Beautiful bike man now let's see if the axles hold up with 4in of lift lol and what's that in front of your rad


----------



## Made-In-TX (Aug 16, 2010)

LOL, thanks Tonka. Axles are in the works but in the mean time they held up strong under some heavy stress on Saturday! Haha. You talkin bout the orange? That's just the stock rad screen but I rattle canned it flo orange.


----------



## 650Brute (Dec 18, 2008)

Looks Great:rockn:


----------



## walker (Apr 5, 2009)

lets test it out at mudstock homie


----------



## Polaris425 (Dec 16, 2004)

lookin good!! :rockn:


----------



## DrillersGoDeeper (Jan 3, 2009)

:agreed: LOOKING NICE!


----------



## lilbigtonka (Dec 30, 2008)

no i was looking on my phone but now i see i was actually tlaking about the thing on your rack did you make a solid piece on the front rack


----------



## Made-In-TX (Aug 16, 2010)

Thanks everybody! Got some more good pics in the day light earlier and I'll get 'em up later on tonight.

Tonka -
Yea I did the racks with 3/4" treated plywood and carpeted them with black marine carpet and attached them to the rack with u-bolts. I think it gives it a clean look and makes it easier to attach other items like the ammo cans, cooler and such by just drilling holes and bolting them on. Really sturdy!


----------



## Made-In-TX (Aug 16, 2010)

Well I couldn't wait so here are the daylight pics. LOL. :domo:


----------



## lilbigtonka (Dec 30, 2008)

does that cooler open good still and if you dont mind me asking what kinda cooler is that im looking for one for my bike


----------



## Made-In-TX (Aug 16, 2010)

Yea it opens great. It's an Igloo Playmate from Academy (the red one w/ the white lid). For that all I did was drill a hole in each corner on the inside and run a bolt through the cooler and plywood then put a washer and locking nut on the bottom. Inside the cooler where the bolt goes through I used a rubber washer on the bottom and a flat washer on top of that. To clean out the water I have one of those water guns that you pull the handle and suck the water into it. That thing works great for a quick rinse of the radiator when you're out riding and it's good for "rinsing" your buddy off too. LOL


----------



## Made-In-TX (Aug 16, 2010)

Here's a pic of the water gun


----------



## meangreen360 (May 3, 2009)

Looks sweet! Wait could it be,did we just add another to our wolf pack!lol Love that movie


----------



## Made-In-TX (Aug 16, 2010)

meangreen360 said:


> Looks sweet! Wait could it be,did we just add another to our wolf pack!lol Love that movie


ROTFLMAO!!!!

:hititjackblackanim:


----------



## aaron_j (Jan 30, 2010)

nice quad!


hey driller your in a MRAP detachment? i build the M1117!


----------



## lilbigtonka (Dec 30, 2008)

now the question is which one of yall is allan??? lol so is this the real ceasers palace


----------



## meangreen360 (May 3, 2009)

That would be fifthy. Coffee bean!


----------



## lilbigtonka (Dec 30, 2008)

filthy is always getting thrown under the bus lol....poor guy looks like allan and has 2 kids that dont have their g cards lol


----------



## Roboquad (Sep 8, 2009)

Best part of the pics is what was on the TV in the back ground. Great bike too


----------



## Made-In-TX (Aug 16, 2010)

Roboquad said:


> Best part of the pics is what was on the TV in the back ground. Great bike too


LOL, Somebody noticed! I have a separate cable run outside for my DirecTV so I can watch me some Texans games while I work!


----------



## DrillersGoDeeper (Jan 3, 2009)

aaron_j said:


> nice quad!
> 
> 
> Hey driller your in a mrap detachment? I build the m1117!
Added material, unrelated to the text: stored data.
(* Let $W$ be a subcomplex of a simplicial complex $K$ on $[m]$, and let $\mathcal I_{K\setminus W}$ be the kernel of the natural quotient map $\mathbb Z[K]\to\mathbb Z[W]$. Then the annihilator $(0:_{\mathbb Z[K]}\mathcal I_{K\setminus W})$ is the ideal generated by the monomials $x_\sigma$ with $\sigma\in W\setminus\overline{K\setminus W}$.
   Context: $\mathbb Z[K]=\mathbb Z[x_1,\dots,x_m]/\langle x_\sigma:\sigma\notin K\rangle$ is the Stanley–Reisner ring, $x_\sigma=\prod_{i\in\sigma}x_i$. For a subset $Y$ of a simplicial complex, $\overline Y$ denotes the smallest subcomplex containing $Y$ (all subsets of members of $Y$). *)

theory Defs
  imports "HOL-Library.Poly_Mapping" "HOL-Algebra.QuotRing"
begin

definition simplicial_complex :: "nat \<Rightarrow> nat set set \<Rightarrow> bool" where
  "simplicial_complex m K \<longleftrightarrow> K \<subseteq> Pow {1..m} \<and> (\<forall>\<sigma>\<in>K. \<forall>\<tau>. \<tau> \<subseteq> \<sigma> \<longrightarrow> \<tau> \<in> K)"

definition cl :: "nat set set \<Rightarrow> nat set set" where
  "cl Y = {\<tau>. \<exists>\<sigma>\<in>Y. \<tau> \<subseteq> \<sigma>}"

(* multivariate integer polynomials: monomials are exponent vectors nat \<Rightarrow>\<^sub>0 nat *)
type_synonym zpoly = "(nat \<Rightarrow>\<^sub>0 nat) \<Rightarrow>\<^sub>0 int"

definition var :: "nat \<Rightarrow> zpoly" where
  "var i = Poly_Mapping.single (Poly_Mapping.single i 1) 1"

definition xmon :: "nat set \<Rightarrow> zpoly" where
  "xmon \<sigma> = (\<Prod>i\<in>\<sigma>. var i)"

(* the polynomial ring Z[x_1,...,x_m] as a HOL-Algebra ring *)
definition ZPoly :: "nat \<Rightarrow> zpoly ring" where
  "ZPoly m = \<lparr>carrier = {p :: zpoly. \<forall>a\<in>Poly_Mapping.keys p. Poly_Mapping.keys a \<subseteq> {1..m}},
              mult = (*), one = 1, zero = 0, add = (+)\<rparr>"

definition SR_ideal :: "nat \<Rightarrow> nat set set \<Rightarrow> zpoly set" where
  "SR_ideal m K = Idl\<^bsub>ZPoly m\<^esub> {xmon \<sigma> | \<sigma>. \<sigma> \<subseteq> {1..m} \<and> \<sigma> \<notin> K}"

definition SR_ring :: "nat \<Rightarrow> nat set set \<Rightarrow> zpoly set ring" where
  "SR_ring m K = ZPoly m Quot SR_ideal m K"

definition SR_xmon :: "nat \<Rightarrow> nat set set \<Rightarrow> nat set \<Rightarrow> zpoly set" where
  "SR_xmon m K \<sigma> = SR_ideal m K +>\<^bsub>ZPoly m\<^esub> xmon \<sigma>"

(* natural quotient map Z[K] \<rightarrow> Z[W] (for W \<subseteq> K): the coset f + I_K goes to f + I_W *)
definition SR_restrict :: "nat \<Rightarrow> nat set set \<Rightarrow> zpoly set \<Rightarrow> zpoly set" where
  "SR_restrict m W C = SR_ideal m W <+>\<^bsub>ZPoly m\<^esub> C"

definition annihilator :: "('a, 'b) ring_scheme \<Rightarrow> 'a set \<Rightarrow> 'a set" where
  "annihilator R J = {a \<in> carrier R. \<forall>b\<in>J. a \<otimes>\<^bsub>R\<^esub> b = \<zero>\<^bsub>R\<^esub>}"

end

theory Submission
  imports Defs
begin

text \<open>
  Write \<open>\<int>[K] = P / I\<^sub>K\<close> with \<open>P\<close> the polynomial ring; the Stanley--Reisner ideal
  \<open>I\<^sub>K\<close> consists of the polynomials all of whose terms have non-face support. The kernel of
  \<open>\<int>[K] \<rightarrow> \<int>[W]\<close> is \<open>I\<^sub>W / I\<^sub>K\<close>, so the annihilator is the image of
  \<open>{g. g I\<^sub>W \<subseteq> I\<^sub>K}\<close>. If \<open>g\<close> is such a polynomial and \<open>x\<^sup>a\<close> is a term of \<open>g\<close>
  whose support lies in a face \<open>\<sigma> \<in> K - W\<close>, then \<open>x\<^sub>\<sigma> \<in> I\<^sub>W\<close>, but \<open>g x\<^sub>\<sigma>\<close> contains the
  term \<open>x\<^sup>a x\<^sub>\<sigma>\<close> with face support \<open>\<sigma>\<close>. Hence the terms of \<open>g\<close> with face support are
  supported on faces in \<open>W - cl (K - W)\<close>, and the remaining terms lie in \<open>I\<^sub>K\<close>. Conversely,
  a term divisible by \<open>x\<^sub>\<sigma>\<close>, \<open>\<sigma> \<in> W - cl (K - W)\<close>, times a term with support outside
  \<open>W\<close> has support outside \<open>W\<close> containing \<open>\<sigma>\<close>, hence not in \<open>K\<close>.
\<close>

section \<open>Finitely supported functions\<close>

lemma keys_add_exponents:
  "Poly_Mapping.keys ((a :: 'a \<Rightarrow>\<^sub>0 nat) + b) = Poly_Mapping.keys a \<union> Poly_Mapping.keys b"
  by (auto simp: in_keys_iff lookup_add)

lemma keys_multE:
  assumes "c \<in> Poly_Mapping.keys (p * q)"
  obtains a b where "a \<in> Poly_Mapping.keys p" "b \<in> Poly_Mapping.keys q" "c = a + b"
  using keys_mult[of p q] assms by blast

lemma poly_mapping_sum_single:
  "p = (\<Sum>a\<in>Poly_Mapping.keys p. Poly_Mapping.single a (Poly_Mapping.lookup p a))"
  by (rule poly_mapping_eqI) (simp add: lookup_sum lookup_single when_def in_keys_iff)

lemma poly_mapping_split_keys:
  fixes p :: "'a \<Rightarrow>\<^sub>0 'b::ab_group_add"
  obtains q where "Poly_Mapping.keys q \<subseteq> {a \<in> Poly_Mapping.keys p. P a}"
    and "Poly_Mapping.keys (p - q) \<subseteq> {a \<in> Poly_Mapping.keys p. \<not> P a}"
proof
  define t where "t a = Poly_Mapping.single a (Poly_Mapping.lookup p a)" for a
  let ?A = "{a \<in> Poly_Mapping.keys p. P a}" and ?B = "{a \<in> Poly_Mapping.keys p. \<not> P a}"
  have keys_t: "Poly_Mapping.keys (t a) \<subseteq> {a}" for a by (simp add: t_def)
  have "?A \<union> ?B = Poly_Mapping.keys p" by auto
  then have "p = sum t (?A \<union> ?B)"
    unfolding t_def by (simp flip: poly_mapping_sum_single)
  also have "\<dots> = sum t ?A + sum t ?B"
    by (rule sum.union_disjoint) auto
  finally have "p = sum t ?A + sum t ?B" .
  then have "p - sum t ?A = sum t ?B" by (simp add: algebra_simps)
  then show "Poly_Mapping.keys (p - sum t ?A) \<subseteq> ?B"
    using keys_sum[of t ?B] keys_t by auto
  show "Poly_Mapping.keys (sum t ?A) \<subseteq> ?A"
    using keys_sum[of t ?A] keys_t by auto
qed

lemma lookup_mult_single_shift:
  fixes g :: "'a::cancel_comm_monoid_add \<Rightarrow>\<^sub>0 'b::semiring_1"
  shows "Poly_Mapping.lookup (g * Poly_Mapping.single e 1) (a + e) = Poly_Mapping.lookup g a"
proof -
  have "(\<lambda>b. (Poly_Mapping.lookup (Poly_Mapping.single e 1) b when a + e = c + b))
      = (\<lambda>b. ((1::'b) when c = a) when b = e)" for c
    by (auto simp: fun_eq_iff lookup_single when_def)
  then show ?thesis
    by (simp only: lookup_mult mult_when mult_1_right Sum_any_when_equal)
qed

section \<open>Ideals of quotient rings\<close>

lemma (in ring) rcos_eq_ideal_iff:
  assumes "ideal I R" "x \<in> carrier R"
  shows "I +> x = I \<longleftrightarrow> x \<in> I"
  using ideal.rcos_const_imp_mem[OF assms] a_rcos_zero[OF assms(1)] by blast

lemma (in ring) carrier_quotient_ring: "carrier (R Quot I) = (+>) I ` carrier R"
  unfolding FactRing_def A_RCOSETS_def' by auto

lemma zero_quotient_ring: "\<zero>\<^bsub>R Quot I\<^esub> = I"
  by (simp add: FactRing_def)

lemma (in ring) set_add_rcos_absorb:
  assumes "ideal I R" "ideal J R" "I \<subseteq> J" "x \<in> carrier R"
  shows "J <+> (I +> x) = J +> x"
proof -
  interpret I: ideal I R by (rule assms(1))
  interpret J: ideal J R by (rule assms(2))
  have "J <+> I = J"
  proof
    show "J <+> I \<subseteq> J"
      using assms(3) by (auto simp: set_add_def')
    show "J \<subseteq> J <+> I"
      by (force simp: set_add_def' intro: bexI[of _ \<zero>])
  qed
  then show ?thesis
    using a_setmult_rcos_assoc[of J I x] assms(4) I.a_subset J.a_subset by simp
qed

lemma (in ring) a_kernel_quotient_map:
  assumes "ideal I R" "ideal J R" "I \<subseteq> J"
  shows "a_kernel (R Quot I) (R Quot J) (\<lambda>C. J <+> C) = (+>) I ` J"
proof -
  have "a_kernel (R Quot I) (R Quot J) (\<lambda>C. J <+> C) = {C \<in> (+>) I ` carrier R. J <+> C = J}"
    by (simp only: a_kernel_def' carrier_quotient_ring zero_quotient_ring)
  also have "\<dots> = (+>) I ` {x \<in> carrier R. J <+> (I +> x) = J}"
    by (rule Compr_image_eq)
  also have "{x \<in> carrier R. J <+> (I +> x) = J} = J"
    using set_add_rcos_absorb[OF assms] rcos_eq_ideal_iff[OF assms(2)] ideal.Icarr[OF assms(2)]
    by auto
  finally show ?thesis .
qed

lemma (in ring) annihilator_quotient:
  assumes "ideal I R" "J \<subseteq> carrier R"
  shows "annihilator (R Quot I) ((+>) I ` J) = (+>) I ` {g \<in> carrier R. \<forall>f\<in>J. g \<otimes> f \<in> I}"
proof -
  interpret h: ring_hom_ring R "R Quot I" "(+>) I"
    by (rule ideal.rcos_ring_hom_ring[OF assms(1)])
  have annihilates_iff: "(I +> g) \<otimes>\<^bsub>R Quot I\<^esub> (I +> f) = I \<longleftrightarrow> g \<otimes> f \<in> I"
    if "g \<in> carrier R" "f \<in> J" for g f
  proof -
    have "f \<in> carrier R" using that(2) assms(2) by blast
    then have "(I +> g) \<otimes>\<^bsub>R Quot I\<^esub> (I +> f) = I +> (g \<otimes> f)"
      using that(1) h.hom_mult by metis
    moreover have "I +> (g \<otimes> f) = I \<longleftrightarrow> g \<otimes> f \<in> I"
      using that(1) \<open>f \<in> carrier R\<close> by (intro rcos_eq_ideal_iff[OF assms(1)] m_closed)
    ultimately show ?thesis by simp
  qed
  have "annihilator (R Quot I) ((+>) I ` J)
      = {C \<in> (+>) I ` carrier R. \<forall>D\<in>(+>) I ` J. C \<otimes>\<^bsub>R Quot I\<^esub> D = I}"
    by (simp only: annihilator_def carrier_quotient_ring zero_quotient_ring)
  also have "\<dots> = (+>) I ` {g \<in> carrier R. \<forall>D\<in>(+>) I ` J. (I +> g) \<otimes>\<^bsub>R Quot I\<^esub> D = I}"
    by (rule Compr_image_eq)
  also have "{g \<in> carrier R. \<forall>D\<in>(+>) I ` J. (I +> g) \<otimes>\<^bsub>R Quot I\<^esub> D = I}
      = {g \<in> carrier R. \<forall>f\<in>J. g \<otimes> f \<in> I}"
    using annihilates_iff by blast
  finally show ?thesis .
qed

lemma (in ring) rcos_image_eq_of_representatives:
  assumes "ideal I R" "J \<subseteq> G" "G \<subseteq> carrier R" "\<And>g. g \<in> G \<Longrightarrow> \<exists>j\<in>J. g \<ominus> j \<in> I"
  shows "(+>) I ` G = (+>) I ` J"
proof
  show "(+>) I ` J \<subseteq> (+>) I ` G" using assms(2) by blast
  show "(+>) I ` G \<subseteq> (+>) I ` J"
  proof
    fix C assume "C \<in> (+>) I ` G"
    then obtain g where g: "g \<in> G" "C = I +> g" by blast
    then obtain j where j: "j \<in> J" "g \<ominus> j \<in> I" using assms(4) by blast
    then have "I +> g = I +> j"
      using quotient_eq_iff_same_a_r_cos[OF assms(1), of g j] g(1) assms(2,3) by blast
    then show "C \<in> (+>) I ` J" using j(1) g(2) by blast
  qed
qed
 we are just a support bn, who just so happened to get attached to a cav squadron...
We run the roads here everyday in the rg33+ some others have the maxpro+ and the caiman

imho, the rg33+ is the only way to go!!!


----------



## filthyredneck (Feb 10, 2010)

lilbigtonka said:


> filthy is always getting thrown under the bus lol....poor guy looks like allan and has 2 kids that dont have their g cards lol


:261:....Glad you pointed that out tonka, yep got lots of haterz up in here. Not pointin no fingers...but meangreen360 is one of em lol. Well what are FRIENDS for right?:hater::joke:
Its ok, they'll get whats comin to em....to quote an old man I used to work with: "I dont get even, but I always win!":chewbacca:


----------



## walker (Apr 5, 2009)

bwhahahahaha i don't hate i appreciate !!!!!!


----------



## lilbigtonka (Dec 30, 2008)

well filthy try this....give meangreen a :nutkick: and then n20 a good ol :buttkick: and well walker you gotta finish him off so you better just :hitwithrock: if ya need anymore help allan i will be glad to help ya out just not a the table CARLOS lol


----------



## rubiconrider (Aug 26, 2009)

Not At The Table Carlos...


----------



## lilbigtonka (Dec 30, 2008)

Funniest movie ever made


----------



## IBBruin (Feb 10, 2009)

You might be a brute rider if.....

You have one of these strapped to your side like your in the old west so you can clean the mud out of your radiator WHEN your Brute overheats.


----------



## gpinjason (Nov 10, 2009)

You know... of all the great information this website has to offer... that water gun idea was a great addition to the database!! thanks for that, I think I have one of those guns somewhere around here, and I think I'll be strapping it on the rack for the next ride... LOL


----------



## walker (Apr 5, 2009)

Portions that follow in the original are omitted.